Task goal: Read through the listing and copy every line that contains the word "where".

Provided material:
text \<open>The integers m = (a, coroot b) and n = (b, coroot a) are positive with
  m n = 4 cos^2 < 4, so one of them is 1, and the corresponding reflection maps one of the
  roots to a - b or b - a.\<close>
lemma root_diff_root:
  assumes a: "a \<in> R" and b: "b \<in> R" and ab: "0 < inner a b" "a \<noteq> b"
  shows "a - b \<in> R"
proof -
  define m where "m = inner a (coroot b)"
  define n where "n = inner b (coroot a)"
  have "a \<noteq> 0" "b \<noteq> 0" using a b root_nonzero by auto
  then have m: "0 < m" and n: "0 < n"
    using ab(1) by (simp_all add: m_def n_def inner_coroot_pos_iff inner_commute)
  have "b \<noteq> - a"
  proof
    assume "b = - a"
    then have "inner a b = - inner a a" by simp
    then show False using ab(1) inner_ge_zero[of a] by linarith
  qed
  then have "(inner a b)\<^sup>2 < inner a a * inner b b"
    using inner_roots_sq_less a b ab(2) by simp
  moreover have "m * n = 4 * (inner a b)\<^sup>2 / (inner a a * inner b b)"
    by (simp add: m_def n_def coroot_def inner_commute power2_eq_square)
  ultimately have "m * n < 4"
    using \<open>a \<noteq> 0\<close> \<open>b \<noteq> 0\<close> by (simp add: divide_less_eq)
  moreover have "m \<in> \<int>" "n \<in> \<int>"
    using inner_coroot_Ints a b by (simp_all add: m_def n_def)
  ultimately have "m = 1 \<or> n = 1"
    using Ints_pos_mult_less_4 m n by blast
  then show ?thesis
  proof
    assume "m = 1"
    then have "refl b a = a - b" by (simp add: refl_def m_def)
    then show ?thesis using refl_root[OF b a] by simp
  next
    assume "n = 1"
    then have "refl a b = - (a - b)" by (simp add: refl_def n_def)
    then show ?thesis using refl_root[OF a b] uminus_root by fastforce
  qed
qed

lemma simple_root_indecomposable: "a \<in> \<Delta> \<Longrightarrow> \<beta> \<in> Rp \<Longrightarrow> \<gamma> \<in> Rp \<Longrightarrow> a \<noteq> \<beta> + \<gamma>"
  by (auto simp: simple_roots_def)

lemma simple_roots_inner_nonpos:
  assumes a: "a \<in> \<Delta>" and b: "b \<in> \<Delta>" and "a \<noteq> b"
  shows "inner a b \<le> 0"
proof (rule ccontr)
  assume "\<not> inner a b \<le> 0"
  then have "a - b \<in> R"
    using root_diff_root simple_root_in_roots a b \<open>a \<noteq> b\<close> by simp
  then have "a - b \<in> Rp \<or> b - a \<in> Rp"
    using root_pos_or_neg by fastforce
  then show False
    using simple_root_indecomposable[OF a _ simple_root_pos[OF b], of "a - b"]
      simple_root_indecomposable[OF b simple_root_pos[OF a], of "b - a"] by auto
qed

lemma independent_simple_roots: "independent \<Delta>"
  using finite_simple_roots simple_roots_inner_nonpos simple_root_pos
  by (intro independent_if_pairwise_obtuse[where h = h]) (auto simp: pos_roots_iff)

lemma span_simple_roots: "span \<Delta> = UNIV"
proof -
  have "\<beta> \<in> span \<Delta>" if "\<beta> \<in> Rp" for \<beta>
    using that by (rule pos_root_simple_combination) (simp add: span_base span_scale span_sum)
  then have "R \<subseteq> span \<Delta>"
    using root_pos_or_neg span_neg[of "- _" \<Delta>] by fastforce
  then show ?thesis
    using span_minimal[OF _ subspace_span] span_roots by blast
qed

lemma pos_root_other_simple_coeff:
  assumes a: "a \<in> \<Delta>" and \<beta>: "\<beta> \<in> Rp" "\<beta> \<noteq> a"
    and c: "\<forall>d\<in>\<Delta>. 0 \<le> c d" "\<beta> = (\<Sum>d\<in>\<Delta>. c d *\<^sub>R d)"
  obtains d where "d \<in> \<Delta>" and "d \<noteq> a" and "0 < c d"
proof (rule ccontr)
  assume "\<not> thesis"
  then have "\<forall>d\<in>\<Delta> - {a}. c d = 0"
    using that c(1) by force
  then have "\<beta> = c a *\<^sub>R a"
    using c(2) sum.remove[OF finite_simple_roots a, of "\<lambda>d. c d *\<^sub>R d"] by simp
  then have "c a = 1 \<or> c a = -1"
    using root_multiple simple_root_in_roots pos_root_in_roots a \<beta>(1) by metis
  then show False
    using \<open>\<beta> = c a *\<^sub>R a\<close> \<beta> simple_root_pos[OF a] by (auto simp: pos_roots_iff)
qed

Answer section:
  define m where "m = inner a (coroot b)"
  define n where "n = inner b (coroot a)"
  by (intro independent_if_pairwise_obtuse[where h = h]) (auto simp: pos_roots_iff)
  obtains d where "d \<in> \<Delta>" and "d \<noteq> a" and "0 < c d"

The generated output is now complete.